Their followers were worthy of them. All alike were keenly alive to the
disadvantages of living in a community where there was neither law nor
officer to enforce it. Accordingly, with their characteristic capacity
for combination, so striking as existing together with the equally
characteristic capacity for individual self-help, the settlers
determined to organize a government of their own. They promptly put
their resolution into effect early in the spring of 1772, Robertson
being apparently the leader in the movement.

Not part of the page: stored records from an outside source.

lemma exists_CTL_activated_equilibrium:
  assumes yhat_def: "yhat = phi1.inverse_on_nonneg (b / (c * G3))"
    and vhat_def: "vhat = k * G2 * \<phi>1 yhat / u"
    and "0 < xhat" and balance_x: "n xhat = f xhat yhat vhat * vhat"
    and above: "threshold < f xhat yhat vhat"
  shows "\<exists>x2 y2 v2 z2. 0 < x2 \<and> 0 < y2 \<and> 0 < v2 \<and> 0 < z2 \<and> is_equilibrium x2 y2 v2 z2"
proof -
  have "0 < b / (c * G3)" using params_pos G_pos by simp
  note yhat = phi1.inverse_on_nonneg[OF less_imp_le[OF this], folded yhat_def]
  have "0 < yhat" using yhat \<open>0 < b / (c * G3)\<close> phi1.zero by (cases "yhat = 0") auto
  have "0 < vhat" using yhat \<open>0 < b / (c * G3)\<close> params_pos G_pos by (simp add: vhat_def)
  define q where "q = a * (f xhat yhat vhat / threshold - 1) / p"
  have "0 < q" using above threshold_pos params_pos by (simp add: q_def field_simps)
  obtain z where z: "0 \<le> z" "\<phi>2 z = q"
    by (rule phi2.surj_nonneg[OF less_imp_le[OF \<open>0 < q\<close>]])
  then have "0 < z" using \<open>0 < q\<close> phi2.zero by (cases "z = 0") auto
  have "is_equilibrium xhat yhat vhat z"
    unfolding equilibrium_def
  proof (intro conjI)
    have "(a * \<phi>1 yhat + p * \<phi>1 yhat * \<phi>2 z) / G1 = \<phi>1 yhat * (a + p * \<phi>2 z) / G1"
      by (simp add: algebra_simps)
    also have "a + p * \<phi>2 z = a * f xhat yhat vhat / threshold"
      using z(2) params_pos threshold_pos by (simp add: q_def field_simps)
    also have "\<phi>1 yhat * (a * f xhat yhat vhat / threshold) / G1 = f xhat yhat vhat * vhat"
      using params_pos G_pos by (simp add: vhat_def threshold_def field_simps)
    finally show "f xhat yhat vhat * vhat = (a * \<phi>1 yhat + p * \<phi>1 yhat * \<phi>2 z) / G1" ..
    show "c * G3 * \<phi>1 yhat * \<phi>2 z = b * \<phi>2 z" using yhat(2) params_pos G_pos by simp
  qed (use \<open>0 < xhat\<close> \<open>0 < yhat\<close> \<open>0 < vhat\<close> z balance_x params_pos in \<open>auto simp: vhat_def\<close>)
  then show ?thesis using \<open>0 < xhat\<close> \<open>0 < yhat\<close> \<open>0 < vhat\<close> \<open>0 < z\<close> by blast
qed

end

They decided to adopt written articles of agreement, by which their
conduct should be governed; and these were known as the Articles of the
Watauga Association. They formed a written constitution, the first ever
adopted west of the mountains, or by a community composed of
American-born freemen. It is this fact of the early independence and
self-government of the settlers along the head-waters of the Tennessee
that gives to their history its peculiar importance. They were the first
men of American birth to establish a free and independent community on
the continent. Even before this date, there had been straggling
settlements of Pennsylvanians and Virginians along the head-waters of
the Ohio; but these settlements remained mere parts of the colonies
behind them, and neither grew into a separate community, nor played a
distinctive part in the growth of the west.